Using only the tilt of his head, Egan questions this “all better.”58
“How about you then?” Hale asks him. Egan just rubs his fingers together over imaginary money, though. “Thought it was assumed,” he says. Con is next, volunteers: “I saw my first speculum at the tender age of sixteen … ”
Virginia throws candy at him for this, and the electricity falters on cue. Nona stands in the unsure light. “That’s it,” she says. “We’re going to need some candles, blankets, that kind of stuff.”
“Just until morning,” Hale adds.
Virginia’s already standing. “A scavenger hunt?” she asks, “like church?”
Con shakes his head no, not like church, but keeps his mouth closed about it.
Egan studies the int.59 of the house they can see from the living room. “This where we pair up for safety, Nona?”
Seri sees how the pairing up is looking, though: Hale and Nona, Con and Virginia, her and Egan. She shakes her head no to him. “Go stand in the shower and wait,” she says.
“I’ll be thinking about you … ” Egan trails off, reversing her Psycho60-jibe. Seri flips him off where he can see it this time, huffs off.
This gets a smile from Nona. But there’s Con and Virginia to deal with, already traipsing kitchenward. She calls after them: “And nobody goes outside to make snow angels, clear?”
“Yes ma’am,” Con calls back, saluting, and in moments Egan is upstairs and Seri’s gone somewhere, leaving Hale and Nona in the living room. The lights go out for a bit. Hale makes his way to the uncradled phone, listens to it. The same crackling.
“The one time the lines aren’t bowing to the storm,” Nona says.
This is their first time really alone for us. Medium shots, not much between them.
“Best thirty-five cents I ever spent,” Hale says, setting the phone back down.
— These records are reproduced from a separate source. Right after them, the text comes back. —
lemma twist_B_hom:
  assumes b: "b \<in> Ob B"
  shows "twist_B b \<in> hom B (io (iob A (base b))) (io (base (iob B b)))"
  unfolding twist_B_def using iar_base_iso_hom[OF b]
    gconj_hom[OF gpd_B base_iso_hom[OF iobB_Ob[OF b]] idn_hom[OF gpd_B iobB_Ob[OF b]]] by blast

lemma twist_hom: "b \<in> Ob B \<Longrightarrow> twist b \<in> hom A (iob A (base b)) (base (iob B b))"
  and ia_twist: "b \<in> Ob B \<Longrightarrow> ia (twist b) = twist_B b"
  unfolding twist_def using ar_preimage[OF iobA_Ob[OF base_Ob] base_Ob[OF iobB_Ob] twist_B_hom] by blast+

lemma iar_twist_hom: "b \<in> Ob B \<Longrightarrow> iar A (twist b) \<in> hom A (base b) (iob A (base (iob B b)))"
  using functor_hom[OF inv_A twist_hom] iobA_iobA[OF base_Ob] by simp

text \<open>The twists of \<open>b\<close> and of its conjugate are mutually inverse up to the involution,
  because their images in \<open>B\<close> are built from the same two isomorphisms \<open>\<theta>\<^sub>b\<close>, \<open>\<theta>\<^bsub>b\<^sup>*\<^esub>\<close>.\<close>

lemma twist_iob:
  assumes b: "b \<in> Ob B"
  shows "twist (iob B b) = ginv A (iar A (twist b))"
proof -
  note tw = iar_twist_hom[OF b] and tw' = twist_hom[OF iobB_Ob[OF b], unfolded iobB_iobB[OF b]]
  note th = base_iso_hom[OF b] and th' = base_iso_hom[OF iobB_Ob[OF b]]
  have c: "cmp A (twist (iob B b)) (iar A (twist b)) \<in> hom A (base b) (base b)"
    using cmp_hom[OF gpd_A tw tw'] .
  have th'': "iar B (base_iso (iob B b)) \<in> hom B b (iob B (io (base (iob B b))))"
    using functor_hom[OF inv_B th'] iobB_iobB[OF b] by simp
  have tw_B: "twist_B (iob B b) = gconj B (base_iso b) (idn B b) (iar B (base_iso (iob B b)))"
    unfolding twist_B_def using iobB_iobB[OF b] by simp
  have iar_tw_B: "iar B (twist_B b) = gconj B (iar B (base_iso (iob B b))) (idn B b) (base_iso b)"
    unfolding twist_B_def
    using functor_gconj[OF gpd_B gpd_B inv_B th' idn_hom[OF gpd_B iobB_Ob[OF b]] functor_hom[OF inv_B th]]
      functor_idn[OF inv_B iobB_Ob[OF b]] iobB_iobB[OF b] iar_iar[OF iB th] by simp
  have "ia (cmp A (twist (iob B b)) (iar A (twist b))) = cmp B (twist_B (iob B b)) (iar B (twist_B b))"
    using functor_cmp[OF io_functor tw tw'] ia_twist[OF iobB_Ob[OF b]]
      equivariant_iar[OF eqAB twist_hom[OF b]] ia_twist[OF b] by simp
  also have "\<dots> = gconj B (base_iso b) (cmp B (idn B b) (idn B b)) (base_iso b)"
    unfolding tw_B iar_tw_B by (rule cmp_gconj[OF gpd_B th th'' th]) (simp_all add: idn_hom[OF gpd_B b])
  also have "\<dots> = ia (idn A (base b))"
    using gconj_idn_self[OF gpd_B th] functor_idn[OF io_functor base_Ob[OF b]]
      cmp_idn_left[OF gpd_B idn_in_Ar[OF gpd_B b] gcod_idn[OF gpd_B b]] by simp
  finally have "cmp A (twist (iob B b)) (iar A (twist b)) = idn A (base b)"
    using io_faithful[OF c idn_hom[OF gpd_A base_Ob[OF b]]] by blast
  then show ?thesis using tw tw' by (intro ginv_unique[OF gpd_A, symmetric]) (auto simp: hom_def)
qed
(* Let $\Omega\subset\mathbb{R}^3$ be a MAC compatible bounded domain, $(\mathcal M_n,\mathcal E_n)_{n\in\mathbb{N}}$ a sequence of MAC grids of $\Omega$ with $h_{\mathcal M_n}\to0$ and $\eta_{\mathcal M_n}\ge\eta>0$ for all $n$, and $1\le q<\infty$. Let $i,j\in\{1,2,3\}$ and $v\in L^q(\Omega)$. (a) If $v_n\in H^{(i)}_{\mathcal E_n,0}$ and $v_n\to v$ in $L^q(\Omega)$, then $\mathcal R^{(i,j)}_{\mathcal E_n}v_n\to v$ in $L^q(\Omega)$. (b) If $v_n\in H^{(i)}_{\mathcal E_n}$ and $v_n\to v$ in $L^q(\Omega)$, then $\mathcal R^{(i)}_{\mathcal M_n}v_n\to v$ in $L^q(\Omega)$.
   Context: MAC compatible domain: bounded connected open $\Omega$ whose closure is a finite union of closed rectangular parallelepipeds with faces orthogonal to $\boldsymbol e_1,\boldsymbol e_2,\boldsymbol e_3$. MAC grid $(\mathcal M,\mathcal E)$: structured partition $\mathcal M$ of $\Omega$ into rectangular parallelepipeds $K$; faces $\mathcal E$, $\mathcal E(K)$ faces of $K$, $\mathcal E^{(i)}$ faces orthogonal to $\boldsymbol e_i$ ($\mathcal E^{(i)}_{\rm int}$ interior ones); $\sigma=K|L$ common face; $D_{K,\sigma}$ half of $K$ adjacent to $\sigma$; dual cell $D_\sigma=D_{K,\sigma}\cup D_{L,\sigma}$ (interior) or $D_{K,\sigma}$ (boundary). $h_{\mathcal M}=\max\operatorname{diam}K$; $\eta_{\mathcal M}=\frac1{h_{\mathcal M}}\min_K\min_i\{|\boldsymbol x_\sigma-\boldsymbol x_{\sigma'}|:\sigma\ne\sigma'\in\mathcal E^{(i)}\cap\mathcal E(K)\}$ with $\boldsymbol x_\sigma$ the face mass centre. $L_{\mathcal M}$: piecewise constants on cells; $H^{(i)}_{\mathcal E}$: piecewise constants on $D_\sigma$, $\sigma\in\mathcal E^{(i)}$ (values $v_\sigma$); $H^{(i)}_{\mathcal E,0}$: those vanishing on boundary dual cells. Operators: $\mathcal R^{(i,j)}_{\mathcal E}:H^{(i)}_{\mathcal E,0}\to H^{(j)}_{\mathcal E,0}$, $\mathcal R^{(i,j)}_{\mathcal E}v=\sum_{\sigma\in\mathcal E^{(j)}_{\rm int}}(\mathcal R^{(i,j)}_{\mathcal E}v)_\sigma\mathbb 1_{D_\sigma}$ with $(\mathcal R^{(i,i)}_{\mathcal E}v)_\sigma=v_\sigma$ and, for $j\neq i$, $\sigma=K|L\in\mathcal E^{(j)}_{\rm int}$, $(\mathcal R^{(i,j)}_{\mathcal E}v)_\sigma=\frac14\sum\{v_{\sigma'}:\sigma'\in\mathcal E^{(i)}\cap(\mathcal E(K)\cup\mathcal E(L))\}$. $\mathcal R^{(i)}_{\mathcal M}:H^{(i)}_{\mathcal E}\to L_{\mathcal M}$, $(\mathcal R^{(i)}_{\mathcal M}v)|_K=\frac12\sum_{\sigma\in\mathcal E^{(i)}\cap\mathcal E(K)}v_\sigma$. *)

theory Defs
  imports "HOL-Analysis.Analysis"
begin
Nona draws closer, without quite touching him. “Your sister’s name was Jennifer,” she offers.
Hale nods. “Past tense,” he says, “yes.”
&nbs
p; AND then the flashback continues, gets visuals and loses Hale’s v.o. Not the attempted suicide but the accident he blamed for that attempt: this time he’s twelve, but it’s the same young actor, different hair. He and an uncrippled Jenny are on a three-wheeler in a field, her foot on the foot peg inserted over and over, the grass rushing past beneath, pushing her shoe back. Her heel catches on the knobs of the balloon tire, gets thrown forward. Hale looks down from being kicked then buries his thumb in the throttle, the four-stroke engine buzzing, whining, topping out, the house there ahead. But then the shot widens, pulls back until, for all their speed, the three-wheeler seems to be hardly moving. The effect is that distance equals the slow motion of accidents: Jenny slips quietly under, leg first, not even a sound.61 Hale slides to a stop yards ahead, and we’re with him, on him. He’s looking back at what’s hidden to us, and there’s no emotion in his face, not yet.
IN the upstairs hall Egan is trying the knob of bedroom door number two62—Hale and Jenny’s—but it’s locked. With his squeeze light clamped between his teeth he explores the hall, feeling for the switch, finally stumbling onto Jenny’s old wheelchair. He sits in it. Wheelies back and spies the attic string, caught in his small beam of light like a bad idea.
He pulls on the string and the stairs fold down silently for him, the hinges black with grease.
“Hello-hello-hello,” he whispers, doing the Krueger-echo63 himself, half smiling, but in the attic his o.s. voice is more foreboding than funny, coming weakly through the opening in the floor. The beam of his squeeze light stabs up jerkily, and the POV watching him scuttles over, behind some trunk or chest, breathing calmly enough that the retreat outside—to an ext. shot—is welcome, a necessary prolonging.64 From a ground-level view which makes the house look taller and narrower than it has before, the many lights go out all at once. The snow is bright in comparison.
IN what initially seems to be that same breathing darkness of the attic a squeeze light is squeezed on, but in its haze is Virginia, hesitantly opening kitchen cabinets. The breathing turns out to be Con, in her b.g., rifling through the drawers by lighter light. Virginia directs her beam into the cabinet she’s just opened and immediately inside is a wall of creamed corn. The next cabinet is the same—the whole row.65 Before she can comment on it the electricity surges back on, is unsteady at best.